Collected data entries
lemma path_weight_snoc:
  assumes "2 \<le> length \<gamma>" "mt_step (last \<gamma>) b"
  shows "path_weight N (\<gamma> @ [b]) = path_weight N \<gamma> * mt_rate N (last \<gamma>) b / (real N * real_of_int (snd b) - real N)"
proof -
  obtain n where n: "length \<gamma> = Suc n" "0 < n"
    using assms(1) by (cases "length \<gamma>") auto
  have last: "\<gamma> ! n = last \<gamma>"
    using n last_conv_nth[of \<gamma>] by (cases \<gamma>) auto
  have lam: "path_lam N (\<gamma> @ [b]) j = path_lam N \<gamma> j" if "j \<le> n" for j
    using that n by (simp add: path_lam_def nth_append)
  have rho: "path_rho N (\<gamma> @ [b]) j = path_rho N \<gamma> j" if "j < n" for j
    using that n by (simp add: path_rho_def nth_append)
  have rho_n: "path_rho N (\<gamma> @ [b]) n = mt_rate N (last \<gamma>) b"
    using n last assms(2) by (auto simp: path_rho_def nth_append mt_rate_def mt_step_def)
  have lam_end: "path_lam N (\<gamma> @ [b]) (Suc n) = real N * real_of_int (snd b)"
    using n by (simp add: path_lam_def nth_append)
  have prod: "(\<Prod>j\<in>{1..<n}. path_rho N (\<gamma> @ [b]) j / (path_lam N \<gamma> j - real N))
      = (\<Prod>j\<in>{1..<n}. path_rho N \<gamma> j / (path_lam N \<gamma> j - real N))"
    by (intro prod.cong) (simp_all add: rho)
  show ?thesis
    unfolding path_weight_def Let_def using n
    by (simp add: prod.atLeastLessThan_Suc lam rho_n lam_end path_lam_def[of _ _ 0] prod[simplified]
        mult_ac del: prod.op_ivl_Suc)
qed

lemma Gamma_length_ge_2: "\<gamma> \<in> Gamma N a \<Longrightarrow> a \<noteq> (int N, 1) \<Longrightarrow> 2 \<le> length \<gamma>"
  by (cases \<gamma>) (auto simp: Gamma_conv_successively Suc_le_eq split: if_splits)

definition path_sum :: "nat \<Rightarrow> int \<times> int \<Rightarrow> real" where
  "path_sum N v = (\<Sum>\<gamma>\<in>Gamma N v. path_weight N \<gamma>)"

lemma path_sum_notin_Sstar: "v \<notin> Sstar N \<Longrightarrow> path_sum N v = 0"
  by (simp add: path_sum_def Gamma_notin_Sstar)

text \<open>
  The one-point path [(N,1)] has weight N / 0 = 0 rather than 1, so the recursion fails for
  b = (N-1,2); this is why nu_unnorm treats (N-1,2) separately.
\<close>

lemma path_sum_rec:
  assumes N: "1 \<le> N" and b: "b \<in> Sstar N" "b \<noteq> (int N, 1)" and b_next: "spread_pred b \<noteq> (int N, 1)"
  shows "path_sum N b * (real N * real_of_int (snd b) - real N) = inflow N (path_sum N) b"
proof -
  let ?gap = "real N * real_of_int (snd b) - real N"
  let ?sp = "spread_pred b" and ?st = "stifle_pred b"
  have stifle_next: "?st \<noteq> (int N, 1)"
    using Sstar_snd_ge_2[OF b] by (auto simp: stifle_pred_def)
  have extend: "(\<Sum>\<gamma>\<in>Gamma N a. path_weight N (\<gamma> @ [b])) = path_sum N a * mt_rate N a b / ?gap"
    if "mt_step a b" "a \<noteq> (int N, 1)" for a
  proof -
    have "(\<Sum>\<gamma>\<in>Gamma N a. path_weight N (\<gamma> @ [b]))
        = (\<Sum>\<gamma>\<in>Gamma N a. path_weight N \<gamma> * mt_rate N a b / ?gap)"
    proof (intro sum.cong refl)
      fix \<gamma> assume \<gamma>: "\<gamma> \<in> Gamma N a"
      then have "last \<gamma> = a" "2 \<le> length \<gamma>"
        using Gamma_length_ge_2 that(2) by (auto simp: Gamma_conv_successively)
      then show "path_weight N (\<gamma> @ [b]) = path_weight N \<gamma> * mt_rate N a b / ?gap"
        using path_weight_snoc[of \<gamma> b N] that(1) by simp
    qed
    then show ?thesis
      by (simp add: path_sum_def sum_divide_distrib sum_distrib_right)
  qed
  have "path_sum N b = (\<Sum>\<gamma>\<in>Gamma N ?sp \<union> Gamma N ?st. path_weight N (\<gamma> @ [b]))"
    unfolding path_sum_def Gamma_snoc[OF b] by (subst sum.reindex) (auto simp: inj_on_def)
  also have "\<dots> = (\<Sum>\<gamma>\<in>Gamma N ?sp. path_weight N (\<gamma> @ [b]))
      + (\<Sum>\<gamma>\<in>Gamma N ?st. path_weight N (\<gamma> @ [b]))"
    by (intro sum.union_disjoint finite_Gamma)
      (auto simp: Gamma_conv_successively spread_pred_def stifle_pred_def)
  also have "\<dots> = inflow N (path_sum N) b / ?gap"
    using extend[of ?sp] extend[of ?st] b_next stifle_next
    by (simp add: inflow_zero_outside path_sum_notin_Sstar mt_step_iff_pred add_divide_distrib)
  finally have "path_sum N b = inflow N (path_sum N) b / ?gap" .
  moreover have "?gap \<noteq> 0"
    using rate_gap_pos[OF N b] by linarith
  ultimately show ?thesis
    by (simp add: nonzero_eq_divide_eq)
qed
...
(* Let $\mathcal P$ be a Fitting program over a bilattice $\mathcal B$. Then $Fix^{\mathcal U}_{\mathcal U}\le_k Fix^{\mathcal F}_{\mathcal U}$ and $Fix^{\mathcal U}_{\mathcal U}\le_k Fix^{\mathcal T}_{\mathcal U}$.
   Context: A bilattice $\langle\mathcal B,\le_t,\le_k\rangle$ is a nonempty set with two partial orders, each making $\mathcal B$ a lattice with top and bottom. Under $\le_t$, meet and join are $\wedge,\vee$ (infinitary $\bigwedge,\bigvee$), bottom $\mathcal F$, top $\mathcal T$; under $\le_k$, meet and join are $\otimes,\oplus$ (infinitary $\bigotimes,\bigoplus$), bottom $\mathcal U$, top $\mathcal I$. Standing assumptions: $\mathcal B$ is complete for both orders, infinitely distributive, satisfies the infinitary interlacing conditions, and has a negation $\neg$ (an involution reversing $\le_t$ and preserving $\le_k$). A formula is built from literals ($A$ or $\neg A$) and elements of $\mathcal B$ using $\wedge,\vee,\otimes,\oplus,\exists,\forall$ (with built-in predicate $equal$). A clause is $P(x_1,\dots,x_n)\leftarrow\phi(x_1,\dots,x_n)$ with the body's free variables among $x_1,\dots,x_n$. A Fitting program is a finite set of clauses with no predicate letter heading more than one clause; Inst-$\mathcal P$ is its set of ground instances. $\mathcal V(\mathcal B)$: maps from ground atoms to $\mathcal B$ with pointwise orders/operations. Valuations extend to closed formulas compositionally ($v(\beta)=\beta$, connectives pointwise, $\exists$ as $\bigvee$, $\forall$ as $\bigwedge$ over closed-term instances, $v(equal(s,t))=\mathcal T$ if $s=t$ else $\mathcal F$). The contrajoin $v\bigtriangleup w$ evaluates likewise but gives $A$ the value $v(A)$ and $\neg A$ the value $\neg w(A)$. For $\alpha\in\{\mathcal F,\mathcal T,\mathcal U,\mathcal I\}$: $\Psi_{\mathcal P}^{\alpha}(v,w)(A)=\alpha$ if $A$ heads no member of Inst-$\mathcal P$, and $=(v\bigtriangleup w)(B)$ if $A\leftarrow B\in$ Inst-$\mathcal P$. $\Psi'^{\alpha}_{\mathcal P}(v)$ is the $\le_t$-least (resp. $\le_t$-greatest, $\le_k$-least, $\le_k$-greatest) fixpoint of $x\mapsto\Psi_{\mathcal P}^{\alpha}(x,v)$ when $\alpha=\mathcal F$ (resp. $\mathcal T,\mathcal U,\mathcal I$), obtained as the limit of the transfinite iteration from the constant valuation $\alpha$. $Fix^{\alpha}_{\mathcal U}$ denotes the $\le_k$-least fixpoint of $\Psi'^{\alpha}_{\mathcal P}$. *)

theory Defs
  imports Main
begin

### [Exercise aim]
Determine how many lines of the entries contain the string "unfolding", and reply with nothing but the number.

### [Task answer]
2